'Uçak parçası üretenle güvenlik aynı asgari ücreti almamalı'
Asgari ücretin her ilde aynı etkiyi yaratmadığını söyleyen OSTİM Başkanı Orhan Aydın, ücretin serbest piyasaya bırakılmasının tartışılabileceğini söyledi. Aydın, uçak parçası üreten ile AVM'deki güvenlik görevlisinin aynı asgari ücreti almaması gerektiğini bildirdi.
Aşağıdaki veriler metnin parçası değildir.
(* Let $n\ge 3$, let $a_0,\ldots,a_{n-1}$ be indeterminates over $\mathbb{Q}$, $f=x^n+a_{n-1}x^{n-1}+\cdots+a_0$, and \[f_1(x,y)=\frac{f(y)-f(x)}{y-x},\qquad f_3(x,y)=\frac{f(y)-2f\left(\frac{x+y}{2}\right)+f(x)}{\frac{(y-x)^2}{2}}.\] Let $g_1(x,y)=f_1(x-y,x+y)$, $g_3(x,y)=f_3(x-y,x+y)$ and $G=\operatorname{res}(g_1,g_3,y)$. For each integer $m$ put $\varphi_m(x)=f^{(m)}(x)/m!$ if $1\le m\le n$ and $\varphi_m=0$ if $m\le0$ or $m>n$; let $M$ be the infinite matrix with entries $M_{2s-1,l}=\varphi_{2(l-s)+2}$, $M_{2s,l}=\varphi_{2(l-s)+1}$ ($s,l\ge1$) and $H$ its $(n-2)$th leading principal minor. Then $G=H^2$.
   Context: $f^{(m)}$ is the $m$th derivative of $f$ with respect to $x$; $\operatorname{res}(\cdot,\cdot,y)$ is the Sylvester resultant with respect to $y$. *)

theory Defs
  imports "HOL-Library.Poly_Mapping" "Subresultants.Resultant_Prelim"
          "Jordan_Normal_Form.Determinant"
begin

(* Q[a_0, a_1, ...]: polynomials over Q in countably many indeterminates a_i *)
type_synonym qpoly = "(nat \<Rightarrow>\<^sub>0 nat) \<Rightarrow>\<^sub>0 rat"

definition ind :: "nat \<Rightarrow> qpoly" where
  "ind i = Poly_Mapping.single (Poly_Mapping.single i 1) 1"

definition rconst :: "rat \<Rightarrow> qpoly" where
  "rconst c = Poly_Mapping.single 0 c"
(* Let $n\ge 4$ and let $G$ be the complete sun graph on $2n$ vertices. Then for every integer $r\ge 3$, the $r$-th power of $G$ satisfies $\varphi(G^r)=(n-1)(2n-1)$.
   Context: All graphs are finite, simple and without isolated vertices. $\mathbb{N}_0$ denotes the set of non-negative integers; for finite $A,B\subseteq\mathbb{N}_0$, $A+B=\{a+b: a\in A, b\in B\}$. An integer additive set-indexer (IASI) of a graph $G$ is an injective map $f$ from $V(G)$ to the finite non-empty subsets of $\mathbb{N}_0$ such that the induced edge map $f^+(uv)=f(u)+f(v)$ is injective on $E(G)$. A weak IASI (WIASI) is an IASI $f$ with $|f^+(uv)|=\max(|f(u)|,|f(v)|)$ for every edge $uv$ (equivalently, for every edge at least one end vertex has a singleton label). A vertex or edge is mono-indexed if its set-label has cardinality $1$. Every graph admits a WIASI. The sparing number $\varphi(G)$ is the minimum, over all WIASIs of $G$, of the number of mono-indexed edges of $G$. The $r$-th power $G^r$ has vertex set $V(G)$, two distinct vertices being adjacent iff their distance in $G$ is at most $r$. The complete sun graph on $2n$ vertices ($n\ge 3$) has vertex set $U\cup W$ with $U=\{u_1,\dots,u_n\}$, $W=\{w_1,\dots,w_n\}$, where $U$ induces a complete graph, $W$ is an independent set, and $w_j$ is adjacent to $u_i$ if and only if $j=i$ or $j\equiv i+1 \pmod n$. *)

theory Defs
  imports Main
begin

text \<open>A simple graph is given by a vertex set V and a set E of 2-element subsets of V.\<close>

definition sumset :: "nat set \<Rightarrow> nat set \<Rightarrow> nat set" where
  "sumset A B = {a + b | a b. a \<in> A \<and> b \<in> B}"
OSTİM Başkanı Orhan Aydın, asgari ücretten finansmana, eğitimden üretime birçok konuda EKONOMİ'nin sorularını yanıtladı. Günümüzde yüzde 60-65 faizle finansman kullanıp üretim yapmak yerine, işyeri veya işletmeyi satıp parayı faize yatırmanın daha karlı olduğunu belirten Aydın, OSTİM'de de bunu tercih eden iş insanları olduğuna dile getirdi.
OSTİM'de şu anda gündemi en çok meşgul eden konu nedir?
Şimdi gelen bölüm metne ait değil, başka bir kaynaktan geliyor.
definition constr_holds :: "(nat \<Rightarrow> bool) \<Rightarrow> (nat \<Rightarrow> real vec \<Rightarrow> real) \<Rightarrow> nat \<Rightarrow> real vec \<Rightarrow> bool" where
  "constr_holds ineq C j x \<longleftrightarrow> (if ineq j then C j x \<le> 0 else C j x = 0)"

lemma vconvex_constr_holds:
  assumes X: "vconvex X"
    and C_cvx: "\<forall>j\<in>J. vconvex_on X (C j)" and C_aff: "\<forall>j\<in>J. \<not> ineq j \<longrightarrow> vaffine_on X (C j)"
  shows "vconvex {x\<in>X. \<forall>j\<in>J. constr_holds ineq C j x}"
  unfolding vconvex_def
proof (intro ballI allI impI)
  fix x y and t :: real
  assume x: "x \<in> {x\<in>X. \<forall>j\<in>J. constr_holds ineq C j x}" and y: "y \<in> {x\<in>X. \<forall>j\<in>J. constr_holds ineq C j x}"
    and t: "0 \<le> t \<and> t \<le> 1"
  have "constr_holds ineq C j (vcomb t x y)" if j: "j \<in> J" for j
  proof (cases "ineq j")
    case True
    have "C j (vcomb t x y) \<le> t * C j x + (1 - t) * C j y"
      using C_cvx j x y t unfolding vconvex_on_def by blast
    moreover have "C j x \<le> 0" "C j y \<le> 0" using x y j True unfolding constr_holds_def by auto
    then have "t * C j x \<le> 0" "(1 - t) * C j y \<le> 0" using t by (auto simp: mult_nonneg_nonpos)
    ultimately show ?thesis using True unfolding constr_holds_def by simp
  next
    case False
    have "C j (vcomb t x y) = t * C j x + (1 - t) * C j y"
      using C_aff j False x y unfolding vaffine_on_def by blast
    moreover have "C j x = 0" "C j y = 0" using x y j False unfolding constr_holds_def by auto
    ultimately show ?thesis using False unfolding constr_holds_def by simp
  qed
  moreover have "vcomb t x y \<in> X" using X x y t unfolding vconvex_def by blast
  ultimately show "vcomb t x y \<in> {x\<in>X. \<forall>j\<in>J. constr_holds ineq C j x}" by blast
qed

lemma extrapolation_flips_sign:
  assumes aff: "\<forall>j\<in>J. vaffine_on \<Omega> (C j)" and xb: "xb \<in> \<Omega>" "\<forall>j\<in>J. C j xb = 0"
    and core: "\<forall>x\<in>\<Omega>. \<exists>t>1. vcomb t xb x \<in> \<Omega>"
    and x: "x \<in> \<Omega>" and c: "c \<in> J" "C c x \<noteq> 0"
  shows "\<exists>t. vcomb t xb x \<in> \<Omega> \<and> (\<forall>j\<in>J. C j (vcomb t xb x) = (1 - t) * C j x) \<and>
    C c (vcomb t xb x) * C c x < 0"
proof -
  obtain t where t: "t > 1" "vcomb t xb x \<in> \<Omega>" using core x by blast
  have C_t: "\<forall>j\<in>J. C j (vcomb t xb x) = (1 - t) * C j x"
    using aff xb x unfolding vaffine_on_def by auto
  have "0 < C c x * C c x" using c(2) not_real_square_gt_zero by blast
  then have "(1 - t) * C c x * C c x < 0" using t(1) by (simp add: mult_neg_pos mult.assoc)
  then show ?thesis using t(2) C_t c(1) by auto
qed

lemma multiplier_first_constraint:
  assumes \<Omega>: "vconvex \<Omega>"
    and C_cvx: "\<forall>j\<in>set (c # cs). vconvex_on \<Omega> (C j)"
    and C_aff: "\<forall>j\<in>set (c # cs). \<not> ineq j \<longrightarrow> vaffine_on \<Omega> (C j)"
    and ineq_first: "sorted_wrt (\<lambda>i j. ineq j \<longrightarrow> ineq i) (c # cs)"
    and xb: "xb \<in> \<Omega>" "\<forall>j\<in>set (c # cs). if ineq j then C j xb < 0 else C j xb = 0"
    and core: "\<forall>x\<in>\<Omega>. \<exists>t>1. vcomb t xb x \<in> \<Omega>"
    and F: "vconvex_on \<Omega> F"
    and lb: "\<forall>x\<in>\<Omega>. (\<forall>j\<in>set (c # cs). constr_holds ineq C j x) \<longrightarrow> v \<le> F x"
  shows "\<exists>lam. (ineq c \<longrightarrow> 0 \<le> lam) \<and>
    (\<forall>x\<in>\<Omega>. (\<forall>j\<in>set cs. constr_holds ineq C j x) \<longrightarrow> v \<le> F x + lam * C c x)"
proof -
  define X where "X = {x\<in>\<Omega>. \<forall>j\<in>set cs. constr_holds ineq C j x}"
  have XO: "X \<subseteq> \<Omega>" unfolding X_def by blast
  have extrapolate: "\<exists>y\<in>X. C c y * C c x < 0"
    if eq: "\<not> ineq c" and x: "x \<in> X" "C c x \<noteq> 0" for x
  proof -
    have all_eq: "\<forall>j\<in>set (c # cs). \<not> ineq j" using ineq_first eq by auto
    have aff: "\<forall>j\<in>set (c # cs). vaffine_on \<Omega> (C j)" and zero: "\<forall>j\<in>set (c # cs). C j xb = 0"
      using C_aff xb(2) all_eq by auto
    have "x \<in> \<Omega>" using x(1) XO by blast
    then obtain t where t: "vcomb t xb x \<in> \<Omega>" "\<forall>j\<in>set (c # cs). C j (vcomb t xb x) = (1 - t) * C j x"
      "C c (vcomb t xb x) * C c x < 0"
      using extrapolation_flips_sign[OF aff xb(1) zero core _ list.set_intros(1) x(2)] by blast
    then have "vcomb t xb x \<in> X" using x all_eq unfolding X_def constr_holds_def by auto
    then show ?thesis using t(3) by blast
  qed
  have "\<exists>lam. (ineq c \<longrightarrow> 0 \<le> lam) \<and> (\<forall>x\<in>X. v \<le> F x + lam * C c x)"
  proof (rule multiplier_one_constraint)
    show "vconvex X" unfolding X_def using vconvex_constr_holds[OF \<Omega>] C_cvx C_aff by simp
    show "vconvex_on X F" using F XO by (rule vconvex_on_subset)
    show "vconvex_on X (C c)" using C_cvx XO vconvex_on_subset by auto
    show "vaffine_on X (C c)" if "\<not> ineq c" using C_aff XO vaffine_on_subset that by auto
    show "\<forall>x\<in>X. (if ineq c then C c x \<le> 0 else C c x = 0) \<longrightarrow> v \<le> F x"
      using lb unfolding X_def constr_holds_def by auto
    show "\<exists>x\<in>X. C c x < 0" if "ineq c"
      using xb that unfolding X_def constr_holds_def by (auto simp: less_imp_le)
    show "\<forall>x\<in>X. 0 < C c x \<longrightarrow> (\<exists>y\<in>X. C c y < 0)" if "\<not> ineq c"
      using extrapolate[OF that] by (fastforce simp: mult_less_0_iff)
    show "\<forall>x\<in>X. C c x < 0 \<longrightarrow> (\<exists>y\<in>X. 0 < C c y)" if "\<not> ineq c"
      using extrapolate[OF that] by (fastforce simp: mult_less_0_iff)
  qed
  then show ?thesis unfolding X_def by blast
qed

text \<open>Inequality constraints come first in \<open>js\<close>:
  when an equality constraint is peeled off, all remaining ones are affine equalities, so the
  feasible set of the remaining constraints is closed under extrapolation beyond the Slater
  point \<open>xb\<close>.\<close>
lemma multipliers_exist:
  assumes \<Omega>: "vconvex \<Omega>"
    and C_cvx: "\<forall>j\<in>set js. vconvex_on \<Omega> (C j)"
    and C_aff: "\<forall>j\<in>set js. \<not> ineq j \<longrightarrow> vaffine_on \<Omega> (C j)"
    and ineq_first: "sorted_wrt (\<lambda>i j. ineq j \<longrightarrow> ineq i) js"
    and dist: "distinct js"
    and xb: "xb \<in> \<Omega>" "\<forall>j\<in>set js. if ineq j then C j xb < 0 else C j xb = 0"
    and core: "\<forall>x\<in>\<Omega>. \<exists>t>1. vcomb t xb x \<in> \<Omega>"
    and F: "vconvex_on \<Omega> F"
    and lb: "\<forall>x\<in>\<Omega>. (\<forall>j\<in>set js. constr_holds ineq C j x) \<longrightarrow> v \<le> F x"
  shows "\<exists>lam. (\<forall>j\<in>set js. ineq j \<longrightarrow> 0 \<le> lam j) \<and>
    (\<forall>x\<in>\<Omega>. v \<le> F x + (\<Sum>j\<in>set js. lam j * C j x))"
  using C_cvx C_aff ineq_first dist xb(2) F lb
proof (induction js arbitrary: F)
  case Nil
  then show ?case by auto
next
  case (Cons c cs)
  obtain lam0 where lam0: "ineq c \<longrightarrow> 0 \<le> lam0"
    "\<forall>x\<in>\<Omega>. (\<forall>j\<in>set cs. constr_holds ineq C j x) \<longrightarrow> v \<le> F x + lam0 * C c x"
    using multiplier_first_constraint[OF \<Omega> Cons.prems(1-3) xb(1) Cons.prems(5) core Cons.prems(6,7)]
    by blast
  define F' where "F' = (\<lambda>x. F x + lam0 * C c x)"
  have "vconvex_on \<Omega> F'"
    using vconvex_on_add_scaled[OF Cons.prems(6)] vconvex_on_add_affine[OF Cons.prems(6)]
      Cons.prems(1,2) lam0(1) unfolding F'_def by (cases "ineq c") auto
  moreover have "\<forall>j\<in>set cs. vconvex_on \<Omega> (C j)" "\<forall>j\<in>set cs. \<not> ineq j \<longrightarrow> vaffine_on \<Omega> (C j)"
    "sorted_wrt (\<lambda>i j. ineq j \<longrightarrow> ineq i) cs" "distinct cs"
    "\<forall>j\<in>set cs. if ineq j then C j xb < 0 else C j xb = 0"
    using Cons.prems(1-5) by auto
  ultimately obtain lam where lam: "\<forall>j\<in>set cs. ineq j \<longrightarrow> 0 \<le> lam j"
      "\<forall>x\<in>\<Omega>. v \<le> F' x + (\<Sum>j\<in>set cs. lam j * C j x)"
    using Cons.IH lam0(2) unfolding F'_def by blast
  have c_new: "c \<notin> set cs" using Cons.prems(4) by simp
  have "(\<Sum>j\<in>set (c # cs). (lam(c := lam0)) j * C j x) = lam0 * C c x + (\<Sum>j\<in>set cs. lam j * C j x)" for x
    using c_new by (auto intro!: sum.cong)
  then show ?case
    using lam lam0(1) c_new unfolding F'_def by (intro exI[of _ "lam(c := lam0)"]) (auto simp: add.assoc)
qed
lemma block_carrier [simp]: "block x off d \<in> carrier_vec d"
  unfolding block_def by simp

lemma block_dim [simp]: "dim_vec (block x off d) = d"
  unfolding block_def by simp

lemma block_index [simp]: "j < d \<Longrightarrow> block x off d $ j = x $ (off + j)"
  unfolding block_def by simp

lemma block_vcomb:
  assumes "x \<in> carrier_vec n" "y \<in> carrier_vec n" "off + d \<le> n"
  shows "block (vcomb t x y) off d = vcomb t (block x off d) (block y off d)"
  unfolding vcomb_def by (rule eq_vecI) (use assms in \<open>auto simp: carrier_vecD\<close>)

lemma sumv_index: "j < d \<Longrightarrow> sumv d F I $ j = (\<Sum>i\<in>I. F i $ j)"
  unfolding sumv_def by simp

lemma sumv_carrier [simp]: "sumv d F I \<in> carrier_vec d"
  unfolding sumv_def by simp

lemma sumv_dim [simp]: "dim_vec (sumv d F I) = d"
  unfolding sumv_def by simp

lemma offs_Suc: "offs nn (Suc i) = offs nn i + nn i"
  unfolding offs_def by simp

lemma offs_mono: "i \<le> j \<Longrightarrow> offs nn i \<le> offs nn j"
  unfolding offs_def by (intro sum_mono2) auto

lemma offs_add_le: "i < m \<Longrightarrow> offs nn i + nn i \<le> (\<Sum>i<m. nn i)"
  using offs_mono[of "Suc i" m nn] unfolding offs_Suc by (simp add: offs_def)

lemma exists_block_update:
  assumes x: "x \<in> carrier_vec (\<Sum>i<m. nn i)" and i: "i < m" and xi: "xi \<in> carrier_vec (nn i)"
  shows "\<exists>z\<in>carrier_vec (\<Sum>i<m. nn i). block z (offs nn i) (nn i) = xi \<and>
           (\<forall>j<m. j \<noteq> i \<longrightarrow> block z (offs nn j) (nn j) = block x (offs nn j) (nn j))"
proof -
  define N where "N = (\<Sum>i<m. nn i)"
  define z where "z = vec N (\<lambda>k. if offs nn i \<le> k \<and> k < offs nn i + nn i then xi $ (k - offs nn i) else x $ k)"
  have "block z (offs nn i) (nn i) = xi"
    using xi offs_add_le[OF i, of nn] unfolding z_def N_def by (intro eq_vecI) auto
  moreover have "block z (offs nn j) (nn j) = block x (offs nn j) (nn j)" if j: "j < m" "j \<noteq> i" for j
  proof (rule eq_vecI)
    fix l assume "l < dim_vec (block x (offs nn j) (nn j))"
    then have l: "l < nn j" by simp
    have "offs nn (Suc j) \<le> offs nn i \<or> offs nn (Suc i) \<le> offs nn j"
      using j(2) by (cases "j < i") (auto intro: offs_mono)
    then have "\<not> (offs nn i \<le> offs nn j + l \<and> offs nn j + l < offs nn i + nn i)"
      using l unfolding offs_Suc by auto
    moreover have "offs nn j + l < N" using l offs_add_le[OF j(1), of nn] unfolding N_def by simp
    ultimately show "block z (offs nn j) (nn j) $ l = block x (offs nn j) (nn j) $ l"
      unfolding z_def using l by auto
  qed simp
  moreover have "z \<in> carrier_vec N" unfolding z_def by simp
  ultimately show ?thesis unfolding N_def by blast
qed

lemma mult_add_div_mod:
  assumes "i < m" "k < (d::nat)"
  shows "i * d + k < m * d" "(i * d + k) div d = i" "(i * d + k) mod d = k"
proof -
  have "i * d + k < (i + 1) * d" using assms by simp
  also have "\<dots> \<le> m * d" using assms by (intro mult_right_mono) auto
  finally show "i * d + k < m * d" .
  show "(i * d + k) div d = i" "(i * d + k) mod d = k"
    using assms(2) by simp_all
qed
Şu anda en çok Çin konuşuluyor. Eskiden başka ülkelere giden iş insanlarımız çok umutlu dönerlerdi. Artık Çin'de fuara giden iş insanlarımız gerçekten tedirgin dönüyorlar. Ülkedeki dönüşümden çok etkilenmişler. Çin'deki üretim maliyetinden ve teknolojinin geldiği noktadan çok endişeliler. Bu durum, rekabet seçeneklerinin tartışılmasına yol açıyor. Ancak ağırlığını KOBİ'lerin oluşturduğu OSTİM üretim esnekliğinin avantajını yaşıyor. Örneğin Türkiye genelinde sanayi üretimi düşerken, OSTİM'de düşmüyor. Bunu elektrik tüketiminden görebiliyoruz. Bir sebebi de giderek gelişen savunma sanayiine üretim yapmamız.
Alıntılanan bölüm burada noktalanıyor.